What this task involves:
Copy each of the following entries back without change.
◆ ◆ ◆ ◆
definition DX :: "nat \<Rightarrow> nat set \<Rightarrow> nat set \<Rightarrow> (nat \<Rightarrow> nat) \<Rightarrow> real" where
  "DX N X1 X2 \<phi> = real (card (Xpairs X1 X2 \<phi>)) /
      (\<Sum>\<sigma>\<in>SN N. real (card (Xpairs X1 X2 \<sigma>)))"

definition DX_prob :: "nat \<Rightarrow> nat set \<Rightarrow> nat set \<Rightarrow> ((nat \<Rightarrow> nat) \<Rightarrow> bool) \<Rightarrow> real" where
  "DX_prob N X1 X2 P = (\<Sum>\<pi>\<in>{\<pi>\<in>SN N. P \<pi>}. DX N X1 X2 \<pi>)"

definition DX_expect :: "nat \<Rightarrow> nat set \<Rightarrow> nat set \<Rightarrow> ((nat \<Rightarrow> nat) \<Rightarrow> real) \<Rightarrow> real" where
  "DX_expect N X1 X2 f = (\<Sum>\<sigma>\<in>SN N. DX N X1 X2 \<sigma> * f \<sigma>)"

end

theory Submission
  imports Defs
begin

text \<open>Under D_X an event E has probability (\<Sum>\<pi>\<in>E. |X_\<pi>|) / (\<Sum>\<sigma>. |X_\<sigma>|), and the normaliser is N!.
  Double counting the pairs (\<pi>, A) with A a k-subset of X1 and \<pi> ` A \<subseteq> X2 gives
  \<Sum>\<pi>. C(|X_\<pi>|, k) \<cdot> C(N, k) = C(|X1|, k) \<cdot> C(|X2|, k) \<cdot> N!, and C(a, s) \<cdot> C(b, s) \<cdot> s! \<le> C(ab, s)
  turns this into \<Sum>\<pi>. C(|X_\<pi>|, s) \<cdot> s! \<le> N!. As x \<le> s \<cdot> C(x, s) for x \<ge> s, the permutations with
  |X_\<pi>| \<ge> s carry mass at most 1/(s-1)! \<le> 3 exp(-4s/9); take s = \<lceil>\<mu> + u\<rceil>.\<close>

lemma exists_permutes_image:
  assumes "finite S" "C \<subseteq> S" "D \<subseteq> S" "card C = card D"
  shows "\<exists>\<sigma>. \<sigma> permutes S \<and> \<sigma> ` C = D"
proof -
  have "finite C" "finite D" using assms finite_subset by auto
  then obtain g where g: "bij_betw g C D" using finite_same_card_bij assms(4) by blast
  have "card (S - C) = card (S - D)"
    using assms \<open>finite C\<close> \<open>finite D\<close> by (simp add: card_Diff_subset)
  then obtain h where h: "bij_betw h (S - C) (S - D)"
    using finite_same_card_bij[of "S - C" "S - D"] assms(1) by auto
  define \<sigma> where "\<sigma> x = (if x \<in> C then g x else if x \<in> S then h x else x)" for x
  have on_C: "bij_betw \<sigma> C D"
    using g by (rule bij_betw_cong[THEN iffD1, rotated]) (simp add: \<sigma>_def)
  have "bij_betw \<sigma> (S - C) (S - D)"
    using h by (rule bij_betw_cong[THEN iffD1, rotated]) (simp add: \<sigma>_def)
  with on_C have "bij_betw \<sigma> (C \<union> (S - C)) (D \<union> (S - D))"
    by (rule bij_betw_combine) auto
  moreover have "C \<union> (S - C) = S" "D \<union> (S - D) = S" using assms by auto
  ultimately have "\<sigma> permutes S"
    by (intro bij_imp_permutes) (auto simp: \<sigma>_def)
  with on_C show ?thesis by (auto simp: bij_betw_def)
qed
◆ ◆ ◆ ◆
Response box:
definition DX :: "nat \<Rightarrow> nat set \<Rightarrow> nat set \<Rightarrow> (nat \<Rightarrow> nat) \<Rightarrow> real" where
  "DX N X1 X2 \<phi> = real (card (Xpairs X1 X2 \<phi>)) /
      (\<Sum>\<sigma>\<in>SN N. real (card (Xpairs X1 X2 \<sigma>)))"

definition DX_prob :: "nat \<Rightarrow> nat set \<Rightarrow> nat set \<Rightarrow> ((nat \<Rightarrow> nat) \<Rightarrow> bool) \<Rightarrow> real" where
  "DX_prob N X1 X2 P = (\<Sum>\<pi>\<in>{\<pi>\<in>SN N. P \<pi>}. DX N X1 X2 \<pi>)"

definition DX_expect :: "nat \<Rightarrow> nat set \<Rightarrow> nat set \<Rightarrow> ((nat \<Rightarrow> nat) \<Rightarrow> real) \<Rightarrow> real" where
  "DX_expect N X1 X2 f = (\<Sum>\<sigma>\<in>SN N. DX N X1 X2 \<sigma> * f \<sigma>)"

end

theory Submission
  imports Defs
begin

text \<open>Under D_X an event E has probability (\<Sum>\<pi>\<in>E. |X_\<pi>|) / (\<Sum>\<sigma>. |X_\<sigma>|), and the normaliser is N!.
  Double counting the pairs (\<pi>, A) with A a k-subset of X1 and \<pi> ` A \<subseteq> X2 gives
  \<Sum>\<pi>. C(|X_\<pi>|, k) \<cdot> C(N, k) = C(|X1|, k) \<cdot> C(|X2|, k) \<cdot> N!, and C(a, s) \<cdot> C(b, s) \<cdot> s! \<le> C(ab, s)
  turns this into \<Sum>\<pi>. C(|X_\<pi>|, s) \<cdot> s! \<le> N!. As x \<le> s \<cdot> C(x, s) for x \<ge> s, the permutations with
  |X_\<pi>| \<ge> s carry mass at most 1/(s-1)! \<le> 3 exp(-4s/9); take s = \<lceil>\<mu> + u\<rceil>.\<close>

lemma exists_permutes_image:
  assumes "finite S" "C \<subseteq> S" "D \<subseteq> S" "card C = card D"
  shows "\<exists>\<sigma>. \<sigma> permutes S \<and> \<sigma> ` C = D"
proof -
  have "finite C" "finite D" using assms finite_subset by auto
  then obtain g where g: "bij_betw g C D" using finite_same_card_bij assms(4) by blast
  have "card (S - C) = card (S - D)"
    using assms \<open>finite C\<close> \<open>finite D\<close> by (simp add: card_Diff_subset)
  then obtain h where h: "bij_betw h (S - C) (S - D)"
    using finite_same_card_bij[of "S - C" "S - D"] assms(1) by auto
  define \<sigma> where "\<sigma> x = (if x \<in> C then g x else if x \<in> S then h x else x)" for x
  have on_C: "bij_betw \<sigma> C D"
    using g by (rule bij_betw_cong[THEN iffD1, rotated]) (simp add: \<sigma>_def)
  have "bij_betw \<sigma> (S - C) (S - D)"
    using h by (rule bij_betw_cong[THEN iffD1, rotated]) (simp add: \<sigma>_def)
  with on_C have "bij_betw \<sigma> (C \<union> (S - C)) (D \<union> (S - D))"
    by (rule bij_betw_combine) auto
  moreover have "C \<union> (S - C) = S" "D \<union> (S - D) = S" using assms by auto
  ultimately have "\<sigma> permutes S"
    by (intro bij_imp_permutes) (auto simp: \<sigma>_def)
  with on_C show ?thesis by (auto simp: bij_betw_def)
qed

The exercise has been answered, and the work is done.